The science of certainty, like every other human phenomenon, underwent a process of unfolding – at first its historical links can be readily traced, but its history eventually refracts back into an endless spectrum of events that make it like all other entities – traceless.[4] Despite the evolution of empiricism, mathematics, experimentation, and the secular liberal rationality, the Western culture of the past 500 years has been preoccupied by the most powerfully functioning myth ever formulated.[5] It colors interpretation while at the same time functions to suppress critical reflection.  Indeed, Thomas Kuhn, goes to great lengths in demonstrating how scientific paradigms develop and shift.  The whole of his work on the subject: The Structures of Scientific Revolutions, makes clear the point that,

…historians (of science) confront growing difficulties in distinguishing the ‘scientific’ component of past observation and belief from what their predecessors had readily labeled ‘error’ and ‘superstition.’  The more carefully they study, say, Aristotelian dynamics, phlogistic chemistry, or caloric thermodynamics, the more certain they feel that those once current views of nature were, as a whole, neither less scientific nor more the product of human idiosyncrasy than those current today.  If these out-of-date beliefs are to be called myths, then myths can be produced by the same sorts of methods and held for the same sorts of reasons that now lead to scientific knowledge.[6]
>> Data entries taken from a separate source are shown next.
text \<open>Passing to the limit in the shifted inequality at \<open>z = u + t (v - u)\<close>: the approximations
  \<open>ps \<rightarrow> u\<close> and \<open>qs \<rightarrow> v\<close> are strong, so the error term vanishes and \<open>f\<close> is controlled from
  above, while along the weakly convergent \<open>us\<close> only lower semicontinuity is available.\<close>

lemma monotone_op_variational_limit:
  fixes F :: "'v::real_normed_vector \<Rightarrow> ('v \<Rightarrow>\<^sub>L real)" and m :: "'v \<Rightarrow>\<^sub>L real"
  assumes mono: "monotone_op F"
    and p: "\<And>n. m (ps n - us n) \<le> F (us n) (ps n - us n) + f (ps n) - f (us n)"
    and q: "\<And>n. m (qs n - us n) \<le> F (us n) (qs n - us n) + f (qs n) - f (us n)"
    and bound: "\<And>n. norm (F (us n)) \<le> M"
    and us: "weak_conv us u" and ps: "ps \<longlonglongrightarrow> u" and qs: "qs \<longlonglongrightarrow> v"
    and f_ps: "\<And>\<epsilon>. \<epsilon> > 0 \<Longrightarrow> eventually (\<lambda>n. f (ps n) \<le> f u + \<epsilon>) sequentially"
    and f_qs: "\<And>\<epsilon>. \<epsilon> > 0 \<Longrightarrow> eventually (\<lambda>n. f (qs n) \<le> f v + \<epsilon>) sequentially"
    and f_us: "\<And>\<epsilon>. \<epsilon> > 0 \<Longrightarrow> eventually (\<lambda>n. f u - \<epsilon> < f (us n)) sequentially"
    and t: "0 < t" "t \<le> 1"
  shows "m (v - u) \<le> F (u + t *\<^sub>R (v - u)) (v - u) + f v - f u"
proof -
  define z where "z = u + t *\<^sub>R (v - u)"
  define d where "d n = norm ((1 - t) *\<^sub>R ps n + t *\<^sub>R qs n - z)" for n
  have shift: "m (z - us n) \<le> F z (z - us n) + (M + norm m) * d n + (1 - t) * f (ps n) + t * f (qs n) - f (us n)" for n
  proof -
    have "(norm (F (us n)) + norm m) * d n \<le> (M + norm m) * d n"
      using bound[of n] by (intro mult_right_mono) (auto simp: d_def)
    thus ?thesis using monotone_op_variational_shift[OF mono _ _ p q, of t z n] t unfolding d_def by simp
  qed
  have "(\<lambda>n. (1 - t) *\<^sub>R ps n + t *\<^sub>R qs n - z) \<longlonglongrightarrow> (1 - t) *\<^sub>R u + t *\<^sub>R v - z"
    by (intro tendsto_intros ps qs)
  hence d: "d \<longlonglongrightarrow> 0" unfolding d_def z_def by (simp add: algebra_simps tendsto_norm_zero)
  have approx: "0 \<le> F z (z - u) - m (z - u) + t * (f v - f u) + 2 * \<epsilon>" if \<epsilon>: "\<epsilon> > 0" for \<epsilon>
  proof (rule tendsto_lowerbound)
    show "(\<lambda>n. F z (z - us n) - m (z - us n) + (M + norm m) * d n + t * (f v - f u) + 2 * \<epsilon>)
          \<longlonglongrightarrow> F z (z - u) - m (z - u) + t * (f v - f u) + 2 * \<epsilon>"
    proof -
      have "(\<lambda>n. F z (z - us n) - m (z - us n)) \<longlonglongrightarrow> F z (z - u) - m (z - u)"
        by (intro tendsto_diff weak_conv_blinfun_diff[OF us])
      from tendsto_add[OF tendsto_add[OF this tendsto_mult_right_zero[OF d]] tendsto_const]
      show ?thesis by (simp add: add.assoc)
    qed
    have eq: "(1 - t) * (f u + \<epsilon>) + t * (f v + \<epsilon>) - (f u - \<epsilon>) = t * (f v - f u) + 2 * \<epsilon>"
      by (simp add: algebra_simps)
    from f_ps[OF \<epsilon>] f_qs[OF \<epsilon>] f_us[OF \<epsilon>]
    show "eventually (\<lambda>n. 0 \<le> F z (z - us n) - m (z - us n) + (M + norm m) * d n
              + t * (f v - f u) + 2 * \<epsilon>) sequentially"
    proof eventually_elim
      case (elim n)
      have "(1 - t) * f (ps n) \<le> (1 - t) * (f u + \<epsilon>)" "t * f (qs n) \<le> t * (f v + \<epsilon>)"
        using elim t by (intro mult_left_mono; simp)+
      thus ?case using shift[of n] elim eq by linarith
    qed
  qed simp
  have z_u: "z - u = t *\<^sub>R (v - u)" by (simp add: z_def)
  have "0 \<le> t * (F z (v - u) - m (v - u) + f v - f u)"
  proof (rule field_le_epsilon)
    fix \<epsilon> :: real assume "0 < \<epsilon>"
    thus "0 \<le> t * (F z (v - u) - m (v - u) + f v - f u) + \<epsilon>"
      using approx[of "\<epsilon> / 2"] unfolding z_u blinfun.scaleR_right by (simp add: algebra_simps)
  qed
  thus ?thesis using t by (simp add: zero_le_mult_iff z_def)
qed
Spirits do speak.  It is important to recognize that the ‘authority’ given to ‘scientific rigor’ participates in the same mythical consciousness as did the ‘authority’ of 13th century theologians in Medieval Europe or the ‘authority’ of the primordial mythological sensibility captured in the epic Homeric poems the Iliad and Odyssey.[7] The technoscience mode of consciousness has become the most powerful mythos in our planetary era.  Presently, technoscience is producing knowledge and machinery whose authority is practically non-negotiable.  The confidence of technoscience culture to reach the heavens, secure labor and resources, improve health and speed, even fulfill moral imperatives provides this age with radical optimism in the future.  Myths are both magnetic and magnificent; they occupy a space of religification and evangelization, where to be in critical relationship to scientific principles constitutes a position close to blasphemy.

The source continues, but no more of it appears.